Mazzoni Valerio
After graduating from the University of Pisa in Agricultural Sciences in 2000, with an entomology thesis on the phenology of vine leafhoppers, he obtained a PhD in Plant Production Sciences in 2005 at the Department of Cultivation and Protection of Woody Species, University of Pisa, under the supervision of Prof. Luciano Santini. His doctoral dissertation, titled “Planthoppers and leafhoppers (Hemiptera: Fulgoromorpha and Cicadomorpha) in the vine agroecosystem: faunistic and bio-ethological investigation on the main grapevine species of Western Tuscany”, focused on the taxonomy, ecology, and behavior of Auchenorrhyncha in vineyard systems.

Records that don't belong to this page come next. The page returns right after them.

(* Let $f:\mathcal E\to\mathbb R$ be smooth, $\mathcal M\subset\mathcal E$ a submanifold, and $\mathrm{Retr}$ a smooth retraction extended to $\mathcal E$ as in the context. Then for every $x\in\mathcal M$ there exists $\delta>0$ with the following property. For every $\xi\in\mathcal T_x\mathcal M$ with $\|\xi\|<\delta$, setting $y=\mathrm{Retr}(x,\xi)$, one has $\|P_{\mathcal T_y\mathcal M}-\mathrm{J}_\xi\mathrm{Retr}(x,\xi)\|_2<1$ and $$\|\mathrm{grad}\, f(y)\|\le\frac{1}{1-\|P_{\mathcal T_y\mathcal M}-\mathrm{J}_\xi\mathrm{Retr}(x,\xi)\|_2}\,\|\nabla_\xi\hat f_x(\xi)\|,$$ where $\|\cdot\|_2$ is the spectral norm.
   Context: $\mathcal E=\mathbb R^n$ carries the standard inner product and norm. $\mathcal M\subset\mathcal E$ is a smooth embedded submanifold with tangent spaces $\mathcal T_x\mathcal M$, and $P_{\mathcal T_x\mathcal M}$ is the orthogonal projection onto $\mathcal T_x\mathcal M$. The Riemannian gradient is $\mathrm{grad}\, f(x)=P_{\mathcal T_x\mathcal M}\nabla f(x)$. A retraction is a smooth map $\mathrm{Retr}(x,\xi)\in\mathcal M$, for $x\in\mathcal M$ and $\xi\in\mathcal T_x\mathcal M$, with $\mathrm{Retr}(x,0)=x$ and $\frac d{dt}\mathrm{Retr}(x,t\xi)|_{t=0}=\xi$. It is extended to $\mathcal E$ by $\mathrm{Retr}(x,z):=\mathrm{Retr}(x,P_{\mathcal T_x\mathcal M}z)$. The pullback is $\hat f_x(\xi)=f(\mathrm{Retr}(x,\xi))$. $\mathrm J_\xi$ and $\nabla_\xi$ denote the Euclidean Jacobian and gradient with respect to $\xi\in\mathcal E$. *)

theory Defs
  imports "HOL-Analysis.Analysis"
begin

text \<open>C-infinity real-valued functions on an (open) set U: g lies in a family S of
  functions that are differentiable on U and that is closed under taking
  directional derivatives x \<mapsto> Dh(x) v, for every direction v.\<close>
definition smooth_real_on :: "'a::euclidean_space set \<Rightarrow> ('a \<Rightarrow> real) \<Rightarrow> bool" where
  "smooth_real_on U g \<longleftrightarrow>
     (\<exists>S. g \<in> S \<and> (\<forall>h\<in>S. h differentiable_on U \<and>
                         (\<forall>v. (\<lambda>x. frechet_derivative h (at x) v) \<in> S)))"

definition smooth_on :: "'a::euclidean_space set \<Rightarrow> ('a \<Rightarrow> 'b::euclidean_space) \<Rightarrow> bool" where
  "smooth_on U F \<longleftrightarrow> open U \<and> (\<forall>b\<in>Basis. smooth_real_on U (\<lambda>x. F x \<bullet> b))"

definition smooth_map_on :: "'a::euclidean_space set \<Rightarrow> ('a \<Rightarrow> 'b::euclidean_space) \<Rightarrow> bool" where
  "smooth_map_on S F \<longleftrightarrow>
     (\<forall>p\<in>S. \<exists>U G. open U \<and> p \<in> U \<and> smooth_on U G \<and> (\<forall>q\<in>U \<inter> S. G q = F q))"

After receiving a young‑researcher grant in 2005–2006, he collaborated in 2006–2007 on a major Trentino research initiative funded by EU programmes (Safecrop), spending a research period at the National Institute of Biology in Ljubljana under the guidance of Dr. Meta Virant‑Doberlet. This experience marked the beginning of his long‑term specialization in Biotremology, which has since become the central theme of his scientific career.

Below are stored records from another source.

lemma is_subrack_prod:
  assumes "is_subrack R S" "rack_valid Q"
  shows "is_subrack (rack_prod R Q) (prod_encode ` (S \<times> fst Q))"
  unfolding is_subrack_def fst_rack_prod
proof (intro conjI ballI)
  show "prod_encode ` (S \<times> fst Q) \<subseteq> prod_encode ` (fst R \<times> fst Q)"
    using assms(1) by (auto simp: is_subrack_def)
next
  fix n assume "n \<in> prod_encode ` (S \<times> fst Q)"
  then obtain s q where n: "n = prod_encode (s, q)" "s \<in> S" "q \<in> fst Q"
    by auto
  have "snd (rack_prod R Q) n ` prod_encode ` (S \<times> fst Q)
      = prod_encode ` map_prod (snd R s) (snd Q q) ` (S \<times> fst Q)"
    by (simp add: n(1) rack_prod_apply image_image)
  also have "map_prod (snd R s) (snd Q q) ` (S \<times> fst Q) = S \<times> fst Q"
    using assms n by (intro map_prod_surj_on) (auto simp: is_subrack_def rack_valid_def bij_betw_def)
  finally show "snd (rack_prod R Q) n ` prod_encode ` (S \<times> fst Q) = prod_encode ` (S \<times> fst Q)" .
qed

lemma rack_decomp_prod_left:
  assumes "rack_decomp R S T" "rack_valid Q"
  shows "rack_decomp (rack_prod R Q) (rack_prod S Q) (rack_prod T Q)"
proof -
  have "snd (rack_prod S Q) = snd (rack_prod R Q)" "snd (rack_prod T Q) = snd (rack_prod R Q)"
    using assms(1) by (simp_all add: rack_decomp_def rack_prod_def)
  moreover have "prod_encode ` (fst S \<times> fst Q) \<inter> prod_encode ` (fst T \<times> fst Q) = {}"
    using assms(1) by (auto simp: rack_decomp_def)
  ultimately show ?thesis
    using assms
    by (auto simp: rack_decomp_def fst_rack_prod is_subrack_prod Sigma_Un_distrib1 image_Un)
qed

Since 2008, he has been based in Trentino as an entomologist at the Agricultural Institute of San Michele all’Adige, which became the Edmund Mach Foundation (FEM) in 2010. In 2017 he became head of the Agricultural Entomology Research Unit, and in 2019 he also took responsibility for the Plant Pathology and Agricultural Microbiology Unit. Since January 2022 he has led the Plant Protection Research Unit, created by merging the two groups.
He is the author of more than 100 peer‑reviewed articles in international journals and editor of two scientific volumes published by Springer: “Biotremology: Studying Vibrational Behavior” (2019) and “Biotremology: Physiology, Ecology, and Evolution” (2022).
He serves as a scientific evaluator and Monitor for the Research Executive Agency (REA) of the European Commission and as reviewer for several international funding bodies, including the Austrian Science Fund (FWF), the Human Frontier Science Program Organization (HFSP), the National Science Foundation (NSF), among others.
He is the creator of two pest‑control technologies that received the Bernard Blum Award in 2017 and 2022: Tremos, for vibrational mating disruption, and Shindo, the first trap worldwide combining pheromones and vibrational stimuli.
In 2016 and 2018 he served as main convener of the First and Second World Congress of Biotremology, after which he was appointed “Trentino Ambassador for Congresses”.